Kijra didn’t hear me though.  She had turned the music back up, lost interest in what was going on back in the bucket seat.  But Joey jumped in to say, “I don’t know how you can stand that shit on your eyes.  It’s so close to your pupils and everything.  Ick.”

That was true, come to think of it.  I had never seen Joey in mascara.  Or lipstick, or eye shadow or anything.   I thought about it some more, and tried to picture Joey, with her short brown hair and boy clothes wearing lipstick, and found myself laughing out loud.

“What’s so funny?”  Both Ziggy and Paul said at once.

“The image in my head of Joey in lipstick.”I could tell they were both picturing it for a moment, and both of them started laughing too.

“What?”  Joey turned around and glared accusingly at us.

“You in lip stick.”

“What’s so funny about that?”  She glared harder.

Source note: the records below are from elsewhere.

(* For the RHA process and all $n\ge0$, $j\ge1$, $$H(X^n_j)\le\min_{0\le l\le n}\Big(H(\mathcal G_{\le l})+2^{n-l}\log k_l\Big),$$ where $H(\mathcal G_{\le0})=0$.
   Context: Random hierarchical association (RHA) process. Fix positive integers $(k_n)_{n\ge0}$ (perplexities) with $k_{n-1}\le k_n\le k_{n-1}^2$ for all $n\ge1$. On a probability space $(\Omega,\mathcal J,P)$ let, for each $n\ge1$, $(L_{nj},R_{nj})_{j=1}^{k_n}$ be the lexicographically sorted enumeration of a uniformly random $k_n$-element subset of $\{1,\dots,k_{n-1}\}^2$ (each of the $\binom{k_{n-1}^2}{k_n}$ subsets equally likely), independently over $n$. Let $(C_n)_{n\ge0}$ be independent, independent of all $(L_{nj},R_{nj})$, with $C_n$ uniform on $\{1,\dots,k_n\}$. Define strings $Y^0_j=j$ (length 1) for $1\le j\le k_0$ and $Y^n_j=Y^{n-1}_{L_{nj}}Y^{n-1}_{R_{nj}}$ (concatenation). The RHA process is $\mathcal X=Y^0_{C_0}Y^1_{C_1}Y^2_{C_2}\cdots=X_1X_2X_3\cdots$, $X_{k:l}=X_k\cdots X_l$; for $n\ge0$, $j\ge1$, $X^n_j=X_{j2^n:(j+1)2^n-1}$. $\mathcal G_{\le n}=(L_{lj},R_{lj})_{1\le l\le n,\,1\le j\le k_l}$ ($\mathcal G_{\le0}$ trivial). $H(X)=\mathbb E_P[-\log P(X)]$ with natural logarithm. *)

theory Defs
  imports "HOL-Probability.Probability"
begin

text \<open>Random hierarchical association process. The random k_n-subset of
  {1..k_(n-1)}^2 at level n is S n; its lexicographically sorted enumeration
  gives (L_nj, R_nj), 1-indexed.\<close>

definition lex_less :: "nat \<times> nat \<Rightarrow> nat \<times> nat \<Rightarrow> bool" where
  "lex_less p q \<longleftrightarrow> fst p < fst q \<or> (fst p = fst q \<and> snd p < snd q)"

definition lex_sorted_list :: "(nat \<times> nat) set \<Rightarrow> (nat \<times> nat) list" where
  "lex_sorted_list A = (THE xs. set xs = A \<and> sorted_wrt lex_less xs)"

definition rha_L :: "(nat \<Rightarrow> (nat \<times> nat) set) \<Rightarrow> nat \<Rightarrow> nat \<Rightarrow> nat" where
  "rha_L S n j = fst (lex_sorted_list (S n) ! (j - 1))"

definition rha_R :: "(nat \<Rightarrow> (nat \<times> nat) set) \<Rightarrow> nat \<Rightarrow> nat \<Rightarrow> nat" where
  "rha_R S n j = snd (lex_sorted_list (S n) ! (j - 1))"

fun rha_Y :: "(nat \<Rightarrow> (nat \<times> nat) set) \<Rightarrow> nat \<Rightarrow> nat \<Rightarrow> nat list" where
  "rha_Y S 0 j = [j]"
| "rha_Y S (Suc n) j = rha_Y S n (rha_L S (Suc n) j) @ rha_Y S n (rha_R S (Suc n) j)"

text \<open>X_i (1-indexed, i >= 1): the i-th symbol of Y^0_{C_0} Y^1_{C_1} ...;
  the first i blocks already have length 2^i - 1 >= i.\<close>
definition rha_X :: "(nat \<Rightarrow> (nat \<times> nat) set) \<Rightarrow> (nat \<Rightarrow> nat) \<Rightarrow> nat \<Rightarrow> nat" where
  "rha_X S C i = concat (map (\<lambda>m. rha_Y S m (C m)) [0..<i]) ! (i - 1)"

definition rha_block :: "(nat \<Rightarrow> (nat \<times> nat) set) \<Rightarrow> (nat \<Rightarrow> nat) \<Rightarrow> nat \<Rightarrow> nat \<Rightarrow> nat list" where
  "rha_block S C n j = map (rha_X S C) [j * 2 ^ n ..< (j + 1) * 2 ^ n]"

text \<open>G_{<=n} = (L_lj, R_lj)_{1<=l<=n, 1<=j<=k_l}, i.e. the sorted enumerations of S 1, ..., S n
  (empty list, i.e. trivial, for n = 0).\<close>
definition rha_G :: "(nat \<Rightarrow> (nat \<times> nat) set) \<Rightarrow> nat \<Rightarrow> (nat \<times> nat) list list" where
  "rha_G S n = map (\<lambda>l. lex_sorted_list (S l)) [1..<n + 1]"

definition entropy_H :: "'a measure \<Rightarrow> ('a \<Rightarrow> 'b) \<Rightarrow> real" where
  "entropy_H M X = (\<integral>\<omega>. - ln (measure M {\<omega>' \<in> space M. X \<omega>' = X \<omega>}) \<partial>M)"

end

theory Submission
  imports Defs
begin

text \<open>Choose \<open>e\<close> with \<open>2^e \<le> j < 2^(e+1)\<close>. The block \<open>X^n_j\<close> is a window of length \<open>2^n\<close> inside
  \<open>Y^(n+e)_(C_(n+e))\<close>. Expanding that string only down to level \<open>l\<close> writes it as a concatenation
  of level-\<open>l\<close> strings \<open>Y^l_d\<close> of length \<open>2^l\<close>, so the block is the concatenation of the strings of
  \<open>2^(n-l)\<close> consecutive level-\<open>l\<close> symbols. These strings are functions of \<open>G_(\<le>l)\<close>, hence the block is
  a function of the pair \<open>(G_(\<le>l), window)\<close>, where the window of symbols takes at most
  \<open>k_l^(2^(n-l))\<close> values. Entropy does not increase under functions, and the entropy of a pair is at
  most that of its first component plus the log of the number of values of the second.\<close>

section \<open>Expanding symbols down to a lower level\<close>

lemma lex_less_linorder: "class.linorder (\<lambda>p q. lex_less p q \<or> p = q) lex_less"
  by unfold_locales (auto simp: lex_less_def)

lemma
  assumes "finite A"
  shows set_lex_sorted_list: "set (lex_sorted_list A) = A"
    and length_lex_sorted_list: "length (lex_sorted_list A) = card A"
proof -
  have "\<exists>!xs. set xs = A \<and> sorted_wrt lex_less xs"
    using linorder.ex1_sorted_list_for_set_if_finite[OF lex_less_linorder assms] by metis
  then have sorted: "set (lex_sorted_list A) = A \<and> sorted_wrt lex_less (lex_sorted_list A)"
    unfolding lex_sorted_list_def by (rule theI')
  have "distinct xs" if "sorted_wrt lex_less xs" for xs :: "(nat \<times> nat) list"
    using that by (induction xs) (auto simp: lex_less_def)
  with sorted show "set (lex_sorted_list A) = A" "length (lex_sorted_list A) = card A"
    by (metis distinct_card)+
qed

text \<open>\<open>expand gs l n j\<close> is the list of level-\<open>l\<close> symbols whose strings concatenate to the string
  of the level-\<open>n\<close> symbol \<open>j\<close>; \<open>gs ! i\<close> is the enumeration of the pairs of level \<open>i + 1\<close>.\<close>

fun expand :: "(nat \<times> nat) list list \<Rightarrow> nat \<Rightarrow> nat \<Rightarrow> nat \<Rightarrow> nat list" where
  "expand gs l 0 j = [j]"
| "expand gs l (Suc n) j = (if Suc n \<le> l then [j] else
     expand gs l n (fst (gs ! n ! (j - 1))) @ expand gs l n (snd (gs ! n ! (j - 1))))"

lemma length_expand [simp]: "length (expand gs l n j) = 2 ^ (n - l)"
proof (induction n arbitrary: j)
  case (Suc n)
  then show ?case
    by (cases "Suc n \<le> l") (simp_all add: Suc_diff_le)
qed simp

lemma expand_expand:
  assumes "l \<le> l'" "l' \<le> n"
  shows "concat (map (expand gs l l') (expand gs l' n j)) = expand gs l n j"
  using assms
proof (induction n arbitrary: j)
  case (Suc n)
  then show ?case
    by (cases "l' = Suc n") (simp_all add: map_concat)
qed simp

lemma expand_take: "n \<le> m \<Longrightarrow> expand (take m gs) l n j = expand gs l n j"
  by (induction n arbitrary: j) auto

text \<open>The possible values of \<open>rha_G S m\<close>.\<close>

definition rha_rules :: "(nat \<Rightarrow> nat) \<Rightarrow> nat \<Rightarrow> (nat \<times> nat) list list set" where
  "rha_rules k m = {gs. length gs = m \<and>
     (\<forall>i<m. length (gs ! i) = k (Suc i) \<and> set (gs ! i) \<subseteq> {1..k i} \<times> {1..k i})}"

lemma take_in_rha_rules: "gs \<in> rha_rules k m \<Longrightarrow> l \<le> m \<Longrightarrow> take l gs \<in> rha_rules k l"
  by (auto simp: rha_rules_def)

lemma finite_rha_rules: "finite (rha_rules k m)"
proof -
  define B where "B = (\<Union>i<m. {xs. set xs \<subseteq> {1..k i} \<times> {1..k i} \<and> length xs = k (Suc i)})"
  have "finite B"
    unfolding B_def by (intro finite_UN_I finite_lists_length_eq) auto
  moreover have "rha_rules k m \<subseteq> {gs. set gs \<subseteq> B \<and> length gs = m}"
    unfolding rha_rules_def B_def by (auto simp: in_set_conv_nth) (metis lessThan_iff)
  ultimately show ?thesis
    using finite_lists_length_eq finite_subset by blast
qed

“Nothing,”  all three of us said at once.

And we all stopped laughing too.  And we waited for her to turn back around before snickering again at the image but she knew instantly and turned around again and said, “What?  Just because I don’t parade around like a stupid Barbie Doll like most of you girls you think that’s funny?”

“No.”

Kijra finally showed interest in what was going on, turned down the radio, and said, “No, mascara isn’t make up, Ziggy.”

“Why not?  That’s absurd.”

“No, it makes perfect sense.  Make up is the stuff you put on your skin.  Mascara goes on the eye lashes.It’s just and enhancement technique.”

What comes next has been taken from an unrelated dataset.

(* Consider the Three-queue system (setting in the context) operating under a scheduling policy that achieves state space collapse. Let $\tilde{\boldsymbol\theta}\in\mathbb C^3$, let $\boldsymbol\theta$ be its projection onto $\mathcal S$ (real and imaginary parts projected separately), and suppose $\boldsymbol\phi\in\mathbb C^2$ is such that $\boldsymbol\theta=\mathbf B\boldsymbol\phi\in\Theta$, where $\Theta=\{\boldsymbol\theta\in\mathbb C^3:\mathrm{Re}(\boldsymbol\theta),\mathrm{Im}(\boldsymbol\theta)\in\mathcal S,\ \mathrm{Re}(\mathbf B^T\boldsymbol\theta)\le\mathbf 0\}$. Writing $\langle\tilde{\boldsymbol\theta},\mathbf q\rangle=\sum_i\tilde\theta_iq_i$, the following hold (all expectations under the stationary distribution): 1. $\lim_{\epsilon\to0}|\mathbb E[e^{\epsilon\langle\tilde{\boldsymbol\theta},\mathbf q\rangle}]|<\infty$, $\lim_{\epsilon\to0}\frac1\epsilon|\mathbb E[u_2e^{\epsilon\langle\tilde{\boldsymbol\theta},\mathbf q\rangle}]|<\infty$, $\lim_{\epsilon\to0}\frac1\epsilon|\mathbb E[u_3e^{\epsilon\langle\tilde{\boldsymbol\theta},\mathbf q\rangle}]|<\infty$, and the same holds with $\tilde{\boldsymbol\theta}$ replaced by $\boldsymbol\theta$; 2. $\lim_{\epsilon\to0}\mathbb E[e^{\epsilon\langle\tilde{\boldsymbol\theta},\mathbf q\rangle}]=\lim_{\epsilon\to0}\mathbb E[e^{\epsilon\langle\boldsymbol\theta,\mathbf q\rangle}]=\lim_{\epsilon\to0}\mathbb E[e^{\epsilon((2\phi_1+\phi_2)q_2+(\phi_1+2\phi_2)q_3)}]$; 3. $\lim_{\epsilon\to0}\frac1\epsilon\mathbb E[u_2e^{\epsilon\langle\tilde{\boldsymbol\theta},\mathbf q\rangle}]=\lim_{\epsilon\to0}\frac1\epsilon\mathbb E[u_2e^{\epsilon\langle\boldsymbol\theta,\mathbf q\rangle}]=\lim_{\epsilon\to0}\frac1\epsilon\mathbb E[u_2e^{\epsilon(\phi_1+2\phi_2)q_3}]$; 4. $\lim_{\epsilon\to0}\frac1\epsilon\mathbb E[u_3e^{\epsilon\langle\tilde{\boldsymbol\theta},\mathbf q\rangle}]=\lim_{\epsilon\to0}\frac1\epsilon\mathbb E[u_3e^{\epsilon\langle\boldsymbol\theta,\mathbf q\rangle}]=\lim_{\epsilon\to0}\frac1\epsilon\mathbb E[u_3e^{\epsilon(2\phi_1+\phi_2)q_2}]$.
   Context: Three-queue system: discrete time, queue vector $(q_1,q_2,q_3)$; arrivals $\mathbf a(t)\in\mathbb Z^3_{\ge0}$ i.i.d. over $t$, bounded by $a_{\max}$, mean $\boldsymbol\lambda$, diagonal covariance. Schedules $(1,0,0)$ (chosen only if $q_1>0$) and $(0,1,1)$; $\mathbf q(t+1)=[\mathbf q(t)+\mathbf a(t)-\mathbf s(t)]^+=\mathbf q(t)+\mathbf a(t)-\mathbf s(t)+\mathbf u(t)$ with unused service $\mathbf u(t)\in\{0,1\}^3$. The chain is irreducible, aperiodic, positive recurrent; $\mathbf q$ is stationary and $\mathbf u$ is the unused service in one step from stationarity. $\boldsymbol\lambda=(1-\epsilon)\boldsymbol\nu$ with $\nu_1+\nu_2=\nu_1+\nu_3=1$, $\min\nu_i>0$, $\epsilon\in(0,1)$. $\mathbf B=\begin{bmatrix}1&1\\1&0\\0&1\end{bmatrix}$, $\mathcal S=\{\mathbf y\in\mathbb R^3:y_1=y_2+y_3\}$, $\mathbf q_\perp$ the component of $\mathbf q$ orthogonal to $\mathcal S$. State space collapse: for every $\theta\in\mathbb R$ there exist $\epsilon(\theta)>0$ and $C^\star<\infty$ with $\mathbb E[e^{\epsilon\theta\|\mathbf q_\perp\|}]<C^\star$ for $0<\epsilon\le\epsilon(\theta)$, and $\mathbb E\|\mathbf q_\perp\|^r\le C_r$ for every $r\ge1$, with $C_r$ independent of $\epsilon$. *)

theory Defs
  imports "HOL-Analysis.Analysis" "HOL-Probability.Probability"
begin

“An enhancement technique?  You mean like make up.”

“No.  It’s a completely different thing,” she said, and then she turned quickly to Joey and said, “Oh yea, and you would look completely ridiculous in lipstick, Joey.”

“I agree,”  said Namar.

And then Kijra lit one of her clove cigarettes, turned the radio up and began blowing smoke rings.

“Why?”  Joey pursued.

But nobody would answer, everyone just got quiet, and then we arrived at our destination, a Bogie and Becall movie in Madison.

Chapter Thirty Three

October 7, 2009

Even I could hear the smack smacking sounds over the music, and the sound was beginning to annoy me, especially since that last comment I just had to answer with, “How ridiculous.  You are only allowed to control other people if you don’t succeed.  What, you’re just allowed to try?  How does that even -”

“Focus on your kissing,”  Ziggy said.

I huffed.  I crossed my arms.  I stopped kissing Paul, who then took my chin, held it up, and looked at me with those big brown puppy eyes.

I leaned over and lay down, feeling the sticky vynal pressed up against my cheek, and putting my feet on his lap.  He immediately took off my — what shoes was I wearing.  I couldn’t remember.  By the feeling of them coming off I guessed they were the Beatle boots Sherry and I had bought at the Beatlemania festival.  They were so uncomfortable.  And they had this spiky heel that made it impossible to walk, and the sides went way up past my ankles making it hard to bend them, and digging in to my lower calf.  He started rubbing my foot.

“Oh, man that feels great,”  I said.

And they turned the radio completely off, not just down, and stopped all their regular hum of their conversations up there.  And I saw Ziggy’s face, because he had turned around, put his hands over the top of the seat and was now staring down at me.

“What,”  I looked up and said, rubbing my eye.

“You look like a raccoon.”

I rubbed them some more.

“Look at her Paul, she looks like Gene Simmons of Kiss.”

Gene Simmons of Kiss!  I sat half up, like a forty five degree triangle, suddenly thinking of the chess club, because I remember him saying that to me then too.

Paul looked at me and laughed.

“It’s your eyes,”  Paul put his finger on my lids, and under them, trying to wipe some of it off.  “Did you deliberately do that?”

“Do what?  Oh that?  That’s my mascara.  It rubs off sometimes.”

“I thought you said you didn’t wear make up.”